What is being asked:
The required output is the lines below from the line containing "proof (intro allI impI)" to the line containing "using assms by", inclusive, retyped exactly. No other lines belong in it.

Data:
*** Block opens ***

theorem theorem7:
  fixes a b :: real
  assumes "0 < a" "a < 2/9" "0 < b" "b < 1/4" "9/8*a \<noteq> b" "a \<noteq> b"
  shows "\<forall>V lam Vu lamu.
           top3_eig (M_lab a b) V lam \<longrightarrow> top3_eig (M_self a b) Vu lamu \<longrightarrow>
           separability (D_lab a b) V lam - separability (D_self a b) Vu lamu > 0"
proof (intro allI impI)
  fix V lam Vu lamu
  assume lab: "top3_eig (M_lab a b) V lam" and self: "top3_eig (M_self a b) Vu lamu"
  have "separability (D_self a b) Vu lamu \<le> C_self a b * ((1 - a - b)^2 / 2 + 1)"
    using assms self by (intro separability_self_le) simp_all
  also have "\<dots> < C_lab a b * ((1 - a - b)^2 / 6 + 1)"
    using assms by (intro separability_bound_gap) simp_all
  also have "\<dots> \<le> separability (D_lab a b) V lam"
    using assms lab by (intro separability_lab_ge) simp_all
  finally show "separability (D_lab a b) V lam - separability (D_self a b) Vu lamu > 0"
    by simp
qed

end
(* Let $d\geq 2$ and $n$ be positive integers, $t\in\{1,d-1\}$, and $n\equiv t\pmod d$ (so $tn\equiv 1\pmod d$). Then, modulo $(1-aq^{tn})(a-q^{tn})(b-q^{tn})$, \[ \sum_{k=0}^{(tn-1)/d}\frac{(aq;q^d)_k(q/a;q^d)_k(q/b;q^d)_k}{(q^d;q^d)_k(c;q^d)_k(q^{d+3}/bc;q^d)_k}q^{dk} \equiv\frac{(1-aq^{tn})(a-q^{tn})}{(a-b)(1-ab)}\frac{(c/aq;q^d)_{m}(ac/q;q^d)_{m}}{(c;q^d)_{m}(c/q^2;q^d)_{m}} +\frac{(b-q^{tn})(ab-1-a^2+aq^{tn})}{(a-b)(1-ab)}\frac{(q/b)^{m}(bc/q;q^d)_{m}(q^{d+2}/c;q^d)_{m}}{(c;q^d)_{m}(q^{d+3}/bc;q^d)_{m}}, \] where $m=(tn-1)/d$.
   Context: For complex $x$ and $q$, $(x;q)_0=1$ and $(x;q)_m=(1-x)(1-xq)\cdots(1-xq^{m-1})$ for positive integers $m$. Here $a,b,c,q$ are indeterminates and both sides are rational functions in them; the congruence $A\equiv B$ modulo $P=(1-aq^{tn})(a-q^{tn})(b-q^{tn})$ means that $A-B=P\cdot R$ for a rational function $R$ whose denominator is coprime to each of the factors $1-aq^{tn}$, $a-q^{tn}$, $b-q^{tn}$. *)

theory Defs
  imports "HOL-Computational_Algebra.Polynomial" "HOL-Computational_Algebra.Fraction_Field"
begin

definition qpoch :: "'a::comm_ring_1 \<Rightarrow> 'a \<Rightarrow> nat \<Rightarrow> 'a" where
  "qpoch x q m = (\<Prod>i<m. 1 - x * q ^ i)"

text \<open>Polynomial ring C[a,b,c,q] realised as iterated univariate polynomials.\<close>
type_synonym mpoly4 = "complex poly poly poly poly"

definition va :: mpoly4 where "va = [:[:[:[:0, 1:]:]:]:]"
definition vb :: mpoly4 where "vb = [:[:[:0, 1:]:]:]"
definition vc :: mpoly4 where "vc = [:[:0, 1:]:]"
definition vq :: mpoly4 where "vq = [:0, 1:]"

type_synonym ratfun4 = "mpoly4 fract"

definition rf :: "mpoly4 \<Rightarrow> ratfun4" where "rf p = Fract p 1"

text \<open>A \<equiv> B modulo the product of the polynomials fs: A - B = (prod fs) * R where
  R = N/D is a rational function whose denominator D is coprime to each factor.\<close>
definition rf_cong :: "ratfun4 \<Rightarrow> ratfun4 \<Rightarrow> mpoly4 list \<Rightarrow> bool" where
  "rf_cong A B fs \<longleftrightarrow> (\<exists>N D. D \<noteq> 0 \<and> (\<forall>f\<in>set fs. coprime D f) \<and>
      A - B = rf (prod_list fs) * Fract N D)"

end

theory Submission
  imports Defs "HOL-Computational_Algebra.Polynomial_Factorial" "HOL-Computational_Algebra.Field_as_Ring"
begin

text \<open>Write \<open>N = t n = d m + 1\<close>. The three factors of the modulus generate the kernels of the
  substitutions \<open>a = q\<^sup>-\<^sup>N\<close>, \<open>a = q\<^sup>N\<close> and \<open>b = q\<^sup>N\<close> on \<open>\<complex>[a, b, c, q]\<close>; these kernels are prime and
  pairwise distinct. So it suffices that the difference of the two sides vanishes under each
  substitution: then every factor divides its numerator in lowest terms and is coprime to its
  denominator. Under each substitution the sum becomes a terminating q-Pfaff-Saalschuetz sum in base
  \<open>q\<^sup>d\<close>, evaluated here by a WZ telescoping argument, and the closed form collapses to that
  evaluation because one of its two terms vanishes.\<close>

section \<open>The terminating q-Pfaff-Saalschuetz sum\<close>

lemma qpoch_0 [simp]: "qpoch x q 0 = 1"
  by (simp add: qpoch_def)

*** Block closes ***

Answer area:
proof (intro allI impI)
  fix V lam Vu lamu
  assume lab: "top3_eig (M_lab a b) V lam" and self: "top3_eig (M_self a b) Vu lamu"
  have "separability (D_self a b) Vu lamu \<le> C_self a b * ((1 - a - b)^2 / 2 + 1)"
    using assms self by (intro separability_self_le) simp_all
  also have "\<dots> < C_lab a b * ((1 - a - b)^2 / 6 + 1)"
    using assms by (intro separability_bound_gap) simp_all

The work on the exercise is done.